Progreso
FÉLIX BAYÓN
Lo de El Ejido evidencia que la civilización no siempre acompaña a la riqueza. Ante ese estallido racista no caben disculpas. Que aquello era un polvorín se sabía hace años, aunque las autoridades pretendieran ignorarlo: ONG, sindicatos, organizaciones religiosas y hasta estudios académicos -existe una amplia bibliografía al respecto- venían anunciándolo.
Es prodigioso que la mayor parte de los magrebíes haya logrado mantener la dignidad: hacinados en chozas como animales, mal pagados, despreciados, lejos de sus mujeres y de sus hijos... En cambio, no se puede decir lo mismo de una significativa parte de los habitantes autóctonos de El Ejido, que viven confortablemente en una de las ciudades de mayor renta de Europa, rodeados de los símbolos de la riqueza súbita: muchos Mercedes y BMW por las calles, abundantes burdeles, un buen número de bingos, decenas de sucursales bancarias y ningunas ganas de barnizar tanta opulencia con cierto lustre de cultura y buenas maneras.
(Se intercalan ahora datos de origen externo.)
(* Let $\mathcal{B}\models Th(\mathbb{N})$ be nonstandard and fix a nonstandard $\Delta\in B$. Let $\mathcal{A}$ be the substructure of $\mathcal{B}$ with universe $$A=\{Q+z : z\in\mathbb{Z},\ Q\in B,\ Q+z\in B,\ \text{and } n\mid Q \text{ and } 2^{n\Delta}\mid Q \text{ for all standard } 0<n\in\mathbb{N}\}.$$ Then $\mathcal{A}$ satisfies Presburger arithmetic.
   Context: $Th(\mathbb{N})$ is the complete theory of $\langle\mathbb{N},0,1,+,\cdot,\le\rangle$; $2^{n\Delta}$ is computed with the exponential definable in $\mathcal{B}$. Presburger arithmetic here means the axioms: $0\neq z+1$; $x\ne0\to\exists z\,(x=z+1)$; $x+z=y+z\to x=y$; $x+0=x$; associativity and commutativity of $+$; $x\le y\leftrightarrow\exists z\,(x+z=y)$; and for each standard $0<n$, $\exists y\,(ny\le x<n(y+1))$. *)

theory Defs
  imports Main
begin

datatype tm = Var nat | Zero | One | Plus tm tm | Times tm tm

datatype fm = Eq tm tm | Le tm tm | Neg fm | Conj fm fm | Ex nat fm

fun fv_tm :: "tm \<Rightarrow> nat set" where
  "fv_tm (Var i) = {i}"
| "fv_tm Zero = {}"
| "fv_tm One = {}"
| "fv_tm (Plus s t) = fv_tm s \<union> fv_tm t"
| "fv_tm (Times s t) = fv_tm s \<union> fv_tm t"

fun fv :: "fm \<Rightarrow> nat set" where
  "fv (Eq s t) = fv_tm s \<union> fv_tm t"
| "fv (Le s t) = fv_tm s \<union> fv_tm t"
| "fv (Neg p) = fv p"
| "fv (Conj p q) = fv p \<union> fv q"
| "fv (Ex x p) = fv p - {x}"

record 'a struc =
  univ :: "'a set"
  zer :: 'a
  on :: 'a
  pl :: "'a \<Rightarrow> 'a \<Rightarrow> 'a"
  tms :: "'a \<Rightarrow> 'a \<Rightarrow> 'a"
  le :: "'a \<Rightarrow> 'a \<Rightarrow> bool"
En estos años, han sido muchos los que han mirado para otro lado. La inspección de Trabajo -dependiente del Estado- no ha querido ver lo que todo el mundo sabía: que los trabajadores inmigrantes ganaban la mitad, incluso menos, que los trabajadores españoles. Para que no se encareciera la mano de obra, se mantenía una buena reserva de inmigrantes en situación de ilegalidad, cuya existencia -evidente- era ignorada por la Policía.
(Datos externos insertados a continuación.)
definition spec_norm :: "real^'n^'n \<Rightarrow> real" where
  "spec_norm M = onorm (\<lambda>x. M *v x)"

definition psd :: "real^'n^'n \<Rightarrow> bool" where
  "psd M \<longleftrightarrow> (\<forall>x. 0 \<le> x \<bullet> (M *v x))"

definition loewner_le :: "real^'n^'n \<Rightarrow> real^'n^'n \<Rightarrow> bool" where
  "loewner_le S T \<longleftrightarrow> psd (T - S)"

end

theory Submission
  imports Defs
begin

text \<open>
  Put \<open>Y\<^sub>t = \<eta>A\<^sub>t\<close> and \<open>X\<^sub>t = Y\<^sub>t - C\<^sub>t\<close>, so that \<open>C\<^sub>t\<^sub>-\<^sub>1 = (I - X\<^sub>t)\<^sup>-\<^sup>1 X\<^sub>t \<eta>B\<^sub>t\<close>.
  Backward induction from \<open>C\<^sub>T = 0\<close> keeps \<open>\<parallel>C\<^sub>t\<parallel> \<le> 2L\<^sub>0\<^sup>2\<close>: then \<open>\<parallel>X\<^sub>t\<parallel> \<le> 1/12\<close>, and the
  Neumann series bound \<open>\<parallel>(I - X\<^sub>t)\<^sup>-\<^sup>1\<parallel> \<le> 12/11\<close> closes the induction. Since \<open>(I - X\<^sub>t)\<^sup>-\<^sup>1\<close>
  commutes with \<open>X\<^sub>t\<close>, the matrix in item 4 is the Gram matrix of \<open>X\<^sub>t(I - X\<^sub>t)\<^sup>-\<^sup>1\<close>, whose
  quadratic form is at most \<open>(12/11)\<^sup>2(\<parallel>Y\<^sub>t\<^sup>Tx\<parallel> + \<parallel>C\<^sub>t\<^sup>Tx\<parallel>)\<^sup>2\<close>.

  For item 5 a second backward induction writes \<open>C\<^sub>t = Y\<^sub>t Q\<^sub>t + R\<^sub>t\<close> with \<open>\<parallel>Q\<^sub>t\<parallel> \<le> 6L\<^sub>0/5\<close> and
  \<open>\<parallel>R\<^sub>t\<parallel> \<le> 24L\<^sub>0s\<^sub>t/5\<close>, where \<open>s\<^sub>t = \<eta>\<^sup>2\<Lambda>\<delta>\<^sub>t\<close>: because \<open>\<eta>\<ell> \<le> 2/3\<close>, one step of the iteration moves
  the averaged Jacobian \<open>\<eta>A\<close> by at most \<open>3s\<^sub>t\<close> and multiplies \<open>\<delta>\<close> by at most 3. Young's
  inequality turns the decomposition into the Loewner bound.
\<close>

subsection \<open>Spectral norm\<close>

lemma spec_norm_mult_vec: "norm (M *v x) \<le> spec_norm M * norm x"
  unfolding spec_norm_def by (rule onorm) simp

lemma spec_norm_le:
  assumes "\<And>x. norm (M *v x) \<le> b * norm x"
  shows "spec_norm M \<le> b"
  unfolding spec_norm_def using assms by (rule onorm_le)

lemma spec_norm_nonneg: "0 \<le> spec_norm M"
  unfolding spec_norm_def by (rule onorm_pos_le) simp

lemma spec_norm_0 [simp]: "spec_norm (0 :: real^'n^'n) = 0"
proof -
  have "(*v) (0 :: real^'n^'n) = (\<lambda>x. 0)" by (simp add: fun_eq_iff)
  then show ?thesis unfolding spec_norm_def by (metis onorm_zero)
qed

lemma spec_norm_mat_1 [simp]: "spec_norm (mat 1 :: real^'n^'n) = 1"
proof -
  have "(*v) (mat 1 :: real^'n^'n) = (\<lambda>x. x)" by (simp add: fun_eq_iff)
  then show ?thesis unfolding spec_norm_def by (simp add: onorm_id)
qed

lemma spec_norm_uminus [simp]: "spec_norm (- M) = spec_norm M"
proof -
  have "(*v) (- M) = (\<lambda>x. - (M *v x))"
    by (simp add: fun_eq_iff vec_eq_iff matrix_vector_mult_def sum_negf)
  then show ?thesis unfolding spec_norm_def by (simp add: onorm_neg)
qed

lemma spec_norm_mult: "spec_norm (M ** N) \<le> spec_norm M * spec_norm N"
proof -
  have "(*v) (M ** N) = (*v) M \<circ> (*v) N" by (simp add: fun_eq_iff matrix_vector_mul_assoc)
  then show ?thesis
    unfolding spec_norm_def by (simp add: onorm_compose)
qed

lemma spec_norm_mult_le:
  assumes "spec_norm M \<le> a" and "spec_norm N \<le> b"
  shows "spec_norm (M ** N) \<le> a * b"
  using spec_norm_mult[of M N] assms by (meson mult_mono order_trans spec_norm_nonneg)

lemma spec_norm_add: "spec_norm (M + N) \<le> spec_norm M + spec_norm N"
proof -
  have "(*v) (M + N) = (\<lambda>x. M *v x + N *v x)" by (simp add: fun_eq_iff matrix_vector_mult_add_rdistrib)
  then show ?thesis
    unfolding spec_norm_def by (simp add: onorm_triangle)
qed

lemma spec_norm_diff: "spec_norm (M - N) \<le> spec_norm M + spec_norm N"
  using spec_norm_add[of M "- N"] by simp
Por lo menos, lo de El Ejido puede servir para que saquemos conclusiones de lo que no hay que hacer. Y quizá los propios habitantes de El Ejido -incluso, los más brutos- obtengan interesantes enseñanzas. Estos días, después de la huelga que ha seguido al expolio, se habrán terminado de dar cuenta de que su prosperidad -si se puede llamar así a la hortera opulencia de la que gozan- depende de los magrebíes.
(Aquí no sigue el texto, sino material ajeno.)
lemma approximating_sequence:
  assumes ball: "\<forall>f\<in>Z. bounded_by U f r \<longrightarrow> approximable m f" and r: "0 < r"
    and f: "f \<in> Z" "bounded_by U f r"
  shows "\<exists>Q. Q 0 = (\<lambda>t. 0) \<and> (\<forall>N. bounded_by T (\<lambda>t. Q (Suc N) t - Q N t) (m * (1 / 2) ^ N)
    \<and> bounded_by U (\<lambda>u. f u - D (Q N) u) (r * (1 / 2) ^ N))"
proof -
  have exists_step: "\<exists>g. bounded_by T g (m * (1 / 2) ^ N)
      \<and> bounded_by U (\<lambda>u. f u - D Q u - D g u) (r * (1 / 2) ^ Suc N)"
    if "bounded_by T Q c" "bounded_by U (\<lambda>u. f u - D Q u) (r * (1 / 2) ^ N)" for N Q c
    using approximable_scaled[OF ball Z_diff[OF f(1) range_subset[OF that(1)]], of "(1 / 2) ^ N"
        "r * (1 / 2) ^ Suc N"] that(2) r by simp
  define step where "step N Q = (SOME g. bounded_by T g (m * (1 / 2) ^ N)
      \<and> bounded_by U (\<lambda>u. f u - D Q u - D g u) (r * (1 / 2) ^ Suc N))" for N Q
  have step: "bounded_by T (step N Q) (m * (1 / 2) ^ N)
      \<and> bounded_by U (\<lambda>u. f u - D Q u - D (step N Q) u) (r * (1 / 2) ^ Suc N)"
    if "bounded_by T Q c" "bounded_by U (\<lambda>u. f u - D Q u) (r * (1 / 2) ^ N)" for N Q c
    unfolding step_def by (rule someI_ex[OF exists_step[OF that]])
  define Q where "Q = rec_nat (\<lambda>t. 0) (\<lambda>N Q t. Q t + step N Q t)"
  have Q_0: "Q 0 = (\<lambda>t. 0)" and Q_Suc: "Q (Suc N) = (\<lambda>t. Q N t + step N (Q N) t)" for N
    by (simp_all add: Q_def)
  have inv: "(\<exists>c. bounded_by T (Q N) c) \<and> bounded_by U (\<lambda>u. f u - D (Q N) u) (r * (1 / 2) ^ N)" for N
  proof (induction N)
    case 0
    then show ?case using f(2) by (auto simp: Q_0 D_zero bounded_by_def)
  next
    case (Suc N)
    then obtain c where c: "bounded_by T (Q N) c" by blast
    note step_N = step[OF c conjunct2[OF Suc]]
    have "bounded_by T (Q (Suc N)) (c + m * (1 / 2) ^ N)"
      unfolding Q_Suc by (rule bounded_by_add[OF c conjunct1[OF step_N]])
    moreover have "bounded_by U (\<lambda>u. f u - D (Q (Suc N)) u) (r * (1 / 2) ^ Suc N)"
      using conjunct2[OF step_N] by (auto simp: Q_Suc D_add bounded_by_def diff_diff_eq)
    ultimately show ?case by blast
  qed
  have "bounded_by T (\<lambda>t. Q (Suc N) t - Q N t) (m * (1 / 2) ^ N)" for N
    using inv[of N] step[of "Q N" _ N] by (auto simp: Q_Suc)
  with Q_0 inv show ?thesis by blast
qed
Quizá no merezca la pena utilizar el argumento de la solidaridad. Basta, quizá, con tener en cuenta los intereses que nos atan a ellos. En este país, envejecido y sin niños, nuestras pensiones de jubilación dependen de los inmigrantes. No les hacemos un favor: nos lo hacen ellos a nosotros creando prosperidad y riqueza con su trabajo y garantizando nuestro futuro. Los que contratan a ilegales sin darles de alta en la Seguridad Social ni dar cuenta a Hacienda de sus ingresos no sólo defraudan a los inmigrantes: nos defraudan a todos.
Es justo, pero también es útil, integrar a los inmigrantes: y eso significa proporcionarles viviendas, facilitar que traigan a sus familias y que sus hijos vayan al colegio. Si viven de manera respetable, les resultará más fácil hacerse respetar. Pero no son sólo ellos los que necesitan integrarse: todos tenemos, a toda prisa, que aprender a integrarnos en esa sociedad mestiza.
Excepto que estemos dispuestos a empobrecernos y a renunciar a nuestras pensiones de jubilación, debemos de aprender a convivir con gentes que hablan otras lenguas, comen diferente, tienen otros dioses y, además, se los toman muy en serio. Luego, de la resignación podremos pasar al goce: al comienzo, el encuentro entre culturas diferentes echa chispas, pero termina siendo muy fértil. Lo mejor de Andalucía se logró, precisamente, gracias al mestizaje.